Cannabis in West Virginia is illegal for recreational use, but decriminalized in the city of Charleston and partially decriminalized in the city of Morgantown. Possession of small amounts is a misdemeanor crime. Medical use was legalized in 2017 through legislation signed by Governor Jim Justice.

==Medical cannabis==
Medical cannabis bills were introduced in West Virginia in each year between 2010 and 2015, when Senate Bill 546 and House Bill 2909 sought to legalize cannabis for medical use, but failed to advance prior to the end of the legislative session on March 14.

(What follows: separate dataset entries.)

(* Let $q_c\in(0,1)$. There exist constants $C^\pm>0$, depending only on $q_c$, with the following property. Let $q\in H^1(\mathbb{R})$ and $p\in H^2(\mathbb{R})$ satisfy $p_y=q$ and $\|q\|_{L^\infty}\le q_c$. Define the increasing bijection $x:\mathbb{R}\to\mathbb{R}$ by $\frac{dx}{dy}=\sqrt{1-q(y)^2}$; equivalently $\frac{dx}{dy}=\cos w$ with $q=\sin w$ and $|w|<\pi/2$, with an arbitrary additive constant. Let $y=y(x)$ be its inverse, and define $u(x):=p(y(x))$. Then \[ C^-\|p\|_{H^2}\le \|u\|_{H^2}\le C^+\|p\|_{H^2}. \]
   Context: In terms of $w$ with $q=\sin w$, this transformation reads $u=w_t=p$, $u_x=\tan w=\frac{p_y}{\sqrt{1-q^2}}$ and $u_{xx}=\frac{p_{yy}}{(1-q^2)^2}$. This is the correspondence between the short-pulse equation $u_{xt}=u+\tfrac16(u^3)_{xx}$ and the sine–Gordon equation $w_{yt}=\sin w$, given by $\partial_y x=\cos w$ and $\partial_t x=-\tfrac12 w_t^2$. *)

theory Defs
  imports "HOL-Analysis.Analysis"
begin

definition test_fun :: "(real \<Rightarrow> real) \<Rightarrow> bool" where
  "test_fun \<phi> \<longleftrightarrow> (\<forall>k t. ((deriv ^^ k) \<phi>) differentiable (at t))
                   \<and> (\<exists>R. \<forall>t. R < \<bar>t\<bar> \<longrightarrow> \<phi> t = 0)"

definition weak_deriv :: "(real \<Rightarrow> real) \<Rightarrow> (real \<Rightarrow> real) \<Rightarrow> bool" where
  "weak_deriv f g \<longleftrightarrow> (\<forall>\<phi>. test_fun \<phi> \<longrightarrow>
      integrable lborel (\<lambda>t. f t * deriv \<phi> t) \<and> integrable lborel (\<lambda>t. g t * \<phi> t) \<and>
      (\<integral>t. f t * deriv \<phi> t \<partial>lborel) = - (\<integral>t. g t * \<phi> t \<partial>lborel))"

definition L2 :: "(real \<Rightarrow> real) \<Rightarrow> bool" where
  "L2 f \<longleftrightarrow> f \<in> borel_measurable lborel \<and> integrable lborel (\<lambda>t. (f t)\<^sup>2)"

definition H1 :: "(real \<Rightarrow> real) \<Rightarrow> bool" where
  "H1 f \<longleftrightarrow> L2 f \<and> (\<exists>g. L2 g \<and> weak_deriv f g)"

definition H2_witness :: "(real \<Rightarrow> real) \<Rightarrow> (real \<Rightarrow> real) \<Rightarrow> (real \<Rightarrow> real) \<Rightarrow> bool" where
  "H2_witness f g h \<longleftrightarrow> L2 f \<and> L2 g \<and> L2 h \<and> weak_deriv f g \<and> weak_deriv g h"

definition H2 :: "(real \<Rightarrow> real) \<Rightarrow> bool" where
  "H2 f \<longleftrightarrow> (\<exists>g h. H2_witness f g h)"

text \<open>H^2 norm: sqrt of sum of squared L^2 norms of f, f', f'' (weak derivatives,
  unique a.e., so the choice does not matter).\<close>
definition H2_norm :: "(real \<Rightarrow> real) \<Rightarrow> real" where
  "H2_norm f = (let (g, h) = (SOME (g, h). H2_witness f g h) in
     sqrt ((\<integral>t. (f t)\<^sup>2 \<partial>lborel) + (\<integral>t. (g t)\<^sup>2 \<partial>lborel) + (\<integral>t. (h t)\<^sup>2 \<partial>lborel)))"

end

theory Submission
  imports Defs
begin

text \<open>
  The slope of \<open>x\<close>
  lies in \<open>[m, 1]\<close> with \<open>m = \<surd>(1 - q\<^sub>c\<^sup>2)\<close>.  The chain rule gives \<open>u' = (q / slope) \<circ> y\<close> and
  \<open>u'' = (q' / slope\<^sup>4) \<circ> y\<close>, and the substitution \<open>s = x t\<close> turns \<open>\<integral> u\<^sup>2\<close>, \<open>\<integral> u'\<^sup>2\<close>, \<open>\<integral> u''\<^sup>2\<close> into
  \<open>\<integral> slope p\<^sup>2\<close>, \<open>\<integral> q\<^sup>2 / slope\<close>, \<open>\<integral> q'\<^sup>2 / slope\<^sup>7\<close>.  Bounding the weights between \<open>m\<close> and \<open>m\<^sup>-\<^sup>8\<close>
  gives the theorem with \<open>C\<^sup>- = \<surd>m\<close> and \<open>C\<^sup>+ = m\<^sup>-\<^sup>4\<close>.
\<close>

section \<open>Smooth functions\<close>

text \<open>This recursive form makes the closure properties of smooth functions provable by induction.\<close>

fun differentiable_upto :: "nat \<Rightarrow> (real \<Rightarrow> real) \<Rightarrow> bool" where
  "differentiable_upto 0 f = (\<forall>t. f differentiable (at t))"
| "differentiable_upto (Suc k) f
    = ((\<forall>t. f differentiable (at t)) \<and> differentiable_upto k (deriv f))"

In 2017, Senate Bill 386 was passed, legalizing medical cannabis for specific chronic medical conditions via pill, oil, topical form, including gels, creams, and ointments, tincture, liquid, and dermal patch. Governor Justice signed it into law on April 19, 2017, and it went into effect in July 2018. However, the WV DHHR states that it wasn't until July 1, 2019, that effects of the law allowed the state to "issue the patient and caregiver identification cards necessary to obtain medical cannabis." SB 339, passed and signed into law by Gov. Justice in 2020, permitted the sale of medical cannabis in dry leaf and plant form for vaporization. The sale of commercially produced medical cannabis edibles remains prohibited under state law. Under state law, registered medical cannabis patients may possess a 30-day supply of medical cannabis, defined as six ounces per 30 day period.

Up to 100 dispensary licenses, 10 processor licenses, and 10 grower licenses can be issued under state law. The state's first medical cannabis dispensary, Trulieve, on Earl L. Core Road in Morgantown, opened in November 2021. As of May 2025, there are 65 active dispensaries, 9 active processors, and 9 active growers licensed by the Office of Medical Cannabis.